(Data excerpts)

lemma coefficient_P:
  assumes \<xi>: "normal_field \<xi>" and q: "q \<in> U"
  shows "dzs (\<lambda>x. cbil (dzv H x) (\<xi> x)) q - cbil (dzv H q) (nablaN \<Phi> \<xi> q)
     = cbil (\<xi> q) (DDbh q) / E q - Ez q * cbil (\<xi> q) (Dbh q) / (E q)^2"
proof -
  have C\<xi>: "Cinf_on U \<xi>" and n: "normal_at q (\<xi> q)" using \<xi> q unfolding normal_field_def by auto
  have CDH: "Cinf_on U DH" and nDH: "normal_at q (DH q)"
    using normal_field_DH q unfolding normal_field_def by auto
  have dx: "\<xi> differentiable (at q)" and dDH: "DH differentiable (at q)" and dE: "E differentiable (at q)"
    using Cinf_on_imp_differentiable_at[OF C\<xi> q] Cinf_on_imp_differentiable_at[OF CDH q] Cinf_on_imp_differentiable_at[OF Cinf_on_E q] .
  have "dzs (\<lambda>x. cbil (dzv H x) (\<xi> x)) q = dzs (\<lambda>x. cbil (DH x) (\<xi> x)) q"
    by (rule dzs_cong_open[OF open_U q])
      (use \<xi> cbil_dzv_H in \<open>simp add: normal_field_def\<close>)
  also have "\<dots> = cbil (dzv DH q) (\<xi> q) + cbil (DH q) (nablaN \<Phi> \<xi> q)"
    unfolding dzs_cbil[OF dDH dx] nablaN_def cbil_normal_dzv[OF \<xi> q nDH] ..
  finally have 1: "dzs (\<lambda>x. cbil (dzv H x) (\<xi> x)) q = cbil (dzv DH q) (\<xi> q) + cbil (DH q) (nablaN \<Phi> \<xi> q)" .
  have 2: "cbil (dzv H q) (nablaN \<Phi> \<xi> q) = cbil (DH q) (nablaN \<Phi> \<xi> q)"
    using cbil_dzv_H[OF q] normal_field_nablaN[OF C\<xi>] q unfolding normal_field_def by blast
  have "DDbh q = npj q (dzv (\<lambda>x. E x *s DH x) q)"
    unfolding nablaN_def using dzv_cong_open[OF open_U q Dbh_eq] by simp
  also have "\<dots> = Ez q *s DH q + E q *s npj q (dzv DH q)"
    unfolding dzv_smult[OF dE dDH] nproj_add nproj_smult nproj_normal[OF q nDH] ..
  finally have 3: "cbil (\<xi> q) (DDbh q) = Ez q * cbil (\<xi> q) (DH q) + E q * cbil (\<xi> q) (dzv DH q)"
    using cbil_normal_nproj[OF q n] by simp
  show ?thesis unfolding 1 2 3 Dbh_eq[OF q] using E_nonzero[OF q]
    by (simp add: cbil_comm[of "dzv DH q"] field_simps power2_eq_square)
qed

lemma d2psi_eq:
  assumes "normal_field \<xi>" "q \<in> U"
  shows "d2psi \<Phi> \<xi> q =
    (cbil (\<xi> q) (DDbh q) / E q - Ez q * cbil (\<xi> q) (Dbh q) / (E q)^2,
     (cbil (\<xi> q) (DDbh q) / E q - Ez q * cbil (\<xi> q) (Dbh q) / (E q)^2) *s P q
     + (cbil (\<xi> q) (Dbh q) / E q) *s Pz q
     - (cbil (\<xi> q) (Dh q) / E q - cbil (\<xi> q) (h q) * Ez q / (E q)^2) *s Pb q
     - (cbil (\<xi> q) (h q) * inverse (E q)) *s Pzb q)"
  unfolding d2psi_eq_derivatives[OF assms] coefficient_P[OF assms, symmetric]
    coefficient_Pz[OF assms, symmetric] coefficient_Pb[OF assms, symmetric] ..

lemma cbil_Pzb_Pzb:
  assumes q: "q \<in> U" shows "cbil (Pzb q) (Pzb q) = (E q)^2 / 4 * (cbil (H q) (H q) + 1)"
proof -
  have "cbil (H q) (P q) = 0" "cbil (P q) (H q) = 0"
    using normal_at_H[OF q] normal_atD[OF normal_at_H[OF q]] unfolding normal_at_def by auto
  then have "cbil (Pzb q) (Pzb q) = (E q / 2) * (E q / 2) * (cbil (H q) (H q) + cbil (P q) (P q))"
    unfolding gauss_Pzb[OF q] by (simp add: algebra_simps)
  then show ?thesis using cbil_P_P[OF q] by (simp add: power2_eq_square)
qed

text \<open>Only the pairings \<open>(a + \<Phi>, Pzb)\<close>, \<open>(Pz, Pb)\<close> and \<open>(Pzb, Pzb)\<close> survive.\<close>

lemma hbil_frame:
  assumes q: "q \<in> U"
  shows "hbil (B, B *s P q + A *s Pz q - C *s Pb q - K *s Pzb q)
              (B', B' *s P q + A' *s Pz q - C' *s Pb q - K' *s Pzb q)
     = E q / 2 * (B * K' + B' * K) - E q / 2 * (A * C' + A' * C)
       + (E q)^2 / 4 * (1 + cbil (H q) (H q)) * K * K'"
proof -
  have r: "cbil (P q) (P q) = 1" "cbil (P q) (Pz q) = 0" "cbil (P q) (Pb q) = 0" "cbil (P q) (Pzb q) = - E q / 2"
    "cbil (Pz q) (P q) = 0" "cbil (Pz q) (Pz q) = 0" "cbil (Pz q) (Pb q) = E q / 2" "cbil (Pz q) (Pzb q) = 0"
    "cbil (Pb q) (P q) = 0" "cbil (Pb q) (Pz q) = E q / 2" "cbil (Pb q) (Pb q) = 0" "cbil (Pb q) (Pzb q) = 0"
    "cbil (Pzb q) (P q) = - E q / 2" "cbil (Pzb q) (Pz q) = 0" "cbil (Pzb q) (Pb q) = 0"
    "cbil (Pzb q) (Pzb q) = (E q)^2 / 4 * (cbil (H q) (H q) + 1)"
    using first_order_products[OF q] second_order_products[OF q] cbil_Pzb_Pzb[OF q]
      cbil_comm[of "Pzb q" "P q"] cbil_comm[of "Pzb q" "Pz q"] cbil_comm[of "Pzb q" "Pb q"] by auto
  have "hbil (B, B *s P q + A *s Pz q - C *s Pb q - K *s Pzb q)
              (B', B' *s P q + A' *s Pz q - C' *s Pb q - K' *s Pzb q)
    = - B * B' + B * B' + B * (K' * (E q / 2)) + B' * (K * (E q / 2)) - A * C' * (E q / 2) - C * A' * (E q / 2)
      + K * K' * ((E q)^2 / 4 * (cbil (H q) (H q) + 1))"
    unfolding hbil_def by (simp add: r algebra_simps)
  also have "\<dots> = E q / 2 * (B * K' + B' * K) - E q / 2 * (A * C' + A' * C)
       + (E q)^2 / 4 * (1 + cbil (H q) (H q)) * K * K'"
    by (simp add: field_simps)
  finally show ?thesis .
qed

lemma hbil_d2psi:
  assumes "normal_field \<xi>" "normal_field \<eta>" and q: "q \<in> U"
  shows "hbil (d2psi \<Phi> \<xi> q) (d2psi \<Phi> \<eta> q) =
    (cbil (\<xi> q) (DDbh q) * cbil (\<eta> q) (h q) + cbil (\<eta> q) (DDbh q) * cbil (\<xi> q) (h q)
     - cbil (\<xi> q) (Dbh q) * cbil (\<eta> q) (Dh q) - cbil (\<eta> q) (Dbh q) * cbil (\<xi> q) (Dh q)) / (2 * E q)
    + (1 + cbil (H q) (H q)) / 4 * cbil (\<xi> q) (h q) * cbil (\<eta> q) (h q)"
  unfolding d2psi_eq[OF assms(1) q] d2psi_eq[OF assms(2) q] hbil_frame[OF q] using E_nonzero[OF q]
  by (simp add: field_simps power2_eq_square)

end

section \<open>Montiel's forms\<close>

text \<open>Here \<open>x\<^sub>i, b\<^sub>i, d\<^sub>i, g\<^sub>i\<close> are the \<open>e\<^sub>i\<close>-components of \<open>DDbh, Dbh, Dh, h\<close> and \<open>c = |H|\<^sup>2\<close>.\<close>

lemma montiel_Q_identity:
  fixes x1 x2 b1 b2 d1 d2 g1 g2 E c :: "'a::field_char_0"
  assumes "E \<noteq> 0"
  shows "2 * ((x1 * g2 + x2 * g1 - b1 * d2 - b2 * d1) / (2 * E) + (1 + c) / 4 * g1 * g2) =
    1 / E * ((x1 * g2 + x2 * g1) - (d1 * b2 + d2 * b1)) + 1/4 * (1 + c) * (g1 * g2 + g2 * g1)"
  using assms by (simp add: field_simps)

lemma montiel_O_identity:
  fixes x1 x2 b1 b2 d1 d2 g1 g2 E c :: "'a::field_char_0"
  assumes "E \<noteq> 0"
  shows "((x1 * g1 + x1 * g1 - b1 * d1 - b1 * d1) / (2 * E) + (1 + c) / 4 * g1 * g1)
       * ((x2 * g2 + x2 * g2 - b2 * d2 - b2 * d2) / (2 * E) + (1 + c) / 4 * g2 * g2) =
    1 / E\<^sup>2 *
      (1/4 * (x1 * x2 + x2 * x1) * (g1 * g2 + g2 * g1)
     + 1/4 * (d1 * d2 + d2 * d1) * (b1 * b2 + b2 * b1)
     - 1/2 * (x1 * d2 + x2 * d1) * (b1 * g2 + b2 * g1)
     - 1/2 * (x1 * b2 + x2 * b1) * (d1 * g2 + d2 * g1)
     + 1/2 * (x1 * g2 + x2 * g1) * (d1 * b2 + d2 * b1))
    + 1/4 * (1 + c) * (1 / E) *
      (1/2 * (x1 * g2 + x2 * g1) * (g1 * g2 + g2 * g1)
     - (d1 * g2 + d2 * g1) * (b1 * g2 + b2 * g1)
     + 1/2 * (d1 * b2 + d2 * b1) * (g1 * g2 + g2 * g1))
    + 1/64 * (1 + c)\<^sup>2 * ((g1 * g2 + g2 * g1) * (g1 * g2 + g2 * g1))"
proof -
  define i where "i = 1 / E"
  define k where "k = (1 + c) / 4"
  have "(x1 * g1 + x1 * g1 - b1 * d1 - b1 * d1) / (2 * E) + (1 + c) / 4 * g1 * g1
      = i * (x1 * g1 - b1 * d1) + k * g1 * g1"
    "(x2 * g2 + x2 * g2 - b2 * d2 - b2 * d2) / (2 * E) + (1 + c) / 4 * g2 * g2
      = i * (x2 * g2 - b2 * d2) + k * g2 * g2"
    "1 / E\<^sup>2 = i\<^sup>2" "1/4 * (1 + c) * (1 / E) = k * i" "1/64 * (1 + c)\<^sup>2 = k\<^sup>2 / 4"
    unfolding i_def k_def using assms by (simp_all add: field_simps power2_eq_square)
  then show ?thesis by (simp only:) (simp add: field_simps power2_eq_square)
qed

theorem theoremI:
  fixes U :: "complex set" and \<Phi> n1 n2 :: "complex \<Rightarrow> real^5" and p :: complex
  assumes "conformal_immersion_S4 U \<Phi>"
    and "oriented_normal_frame U \<Phi> n1 n2"
    and "p \<in> U"
  defines "h \<equiv> h0 \<Phi>"
    and "E \<equiv> e2lam \<Phi> p"
    and "HH \<equiv> cbil (Hvec \<Phi> p) (Hvec \<Phi> p)"
  shows
    "(MontielQ \<Phi> n1 n2 p =
       (1 / E) * (cbil (nablaN \<Phi> (nablaNb \<Phi> h) p) (h p)
                  - cbil (nablaN \<Phi> h p) (nablaNb \<Phi> h p))
       + 1/4 * (1 + HH) * cbil (h p) (h p))
     \<and>
     (MontielO \<Phi> n1 n2 p =
       (1 / E\<^sup>2) *
         (1/4 * cbil (nablaN \<Phi> (nablaNb \<Phi> h) p) (nablaN \<Phi> (nablaNb \<Phi> h) p) * cbil (h p) (h p)
        + 1/4 * cbil (nablaN \<Phi> h p) (nablaN \<Phi> h p) * cbil (nablaNb \<Phi> h p) (nablaNb \<Phi> h p)
        - 1/2 * cbil (nablaN \<Phi> (nablaNb \<Phi> h) p) (nablaN \<Phi> h p) * cbil (nablaNb \<Phi> h p) (h p)
        - 1/2 * cbil (nablaN \<Phi> (nablaNb \<Phi> h) p) (nablaNb \<Phi> h p) * cbil (nablaN \<Phi> h p) (h p)
        + 1/2 * cbil (nablaN \<Phi> (nablaNb \<Phi> h) p) (h p) * cbil (nablaN \<Phi> h p) (nablaNb \<Phi> h p))
     + 1/4 * (1 + HH) * (1 / E) *
         (1/2 * cbil (nablaN \<Phi> (nablaNb \<Phi> h) p) (h p) * cbil (h p) (h p)
        - cbil (nablaN \<Phi> h p) (h p) * cbil (nablaNb \<Phi> h p) (h p)
        + 1/2 * cbil (nablaN \<Phi> h p) (nablaNb \<Phi> h p) * cbil (h p) (h p))
     + 1/64 * (1 + HH)\<^sup>2 * (cbil (h p) (h p) * cbil (h p) (h p)))"
proof -
  interpret conformal_chart U \<Phi> n1 n2 using assms(1,2) by unfold_locales
  have p: "p \<in> U" by fact
  have normal: "normal_at p (DDbh p)" "normal_at p (Dbh p)" "normal_at p (Dh p)" "normal_at p (h0 \<Phi> p)"
    unfolding nablaN_def nablaNb_def using normal_at_nproj[OF p] normal_at_h[OF p] by auto
  note coords = cbil_normal_e1_e2[OF p]
  note hbil = hbil_d2psi[OF normal_field_e1_e2(1) normal_field_e1_e2(2) p]
    hbil_d2psi[OF normal_field_e1_e2(1) normal_field_e1_e2(1) p]
    hbil_d2psi[OF normal_field_e1_e2(2) normal_field_e1_e2(2) p]
  show ?thesis
    unfolding MontielQ_def MontielO_def hbil h_def E_def HH_def
      coords[OF normal(1) normal(1)] coords[OF normal(2) normal(2)] coords[OF normal(3) normal(3)]
      coords[OF normal(4) normal(4)] coords[OF normal(1) normal(3)] coords[OF normal(1) normal(2)]
      coords[OF normal(1) normal(4)] coords[OF normal(2) normal(4)] coords[OF normal(3) normal(4)]
      coords[OF normal(3) normal(2)]
    by (rule conjI[OF montiel_Q_identity montiel_O_identity]; rule E_nonzero[OF p])
qed

end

Exercise description: Copy all lines from the data above that contain the word "coords".

Solution to the exercise:
  note coords = cbil_normal_e1_e2[OF p]
      coords[OF normal(1) normal(1)] coords[OF normal(2) normal(2)] coords[OF normal(3) normal(3)]
      coords[OF normal(4) normal(4)] coords[OF normal(1) normal(3)] coords[OF normal(1) normal(2)]
      coords[OF normal(1) normal(4)] coords[OF normal(2) normal(4)] coords[OF normal(3) normal(4)]
      coords[OF normal(3) normal(2)]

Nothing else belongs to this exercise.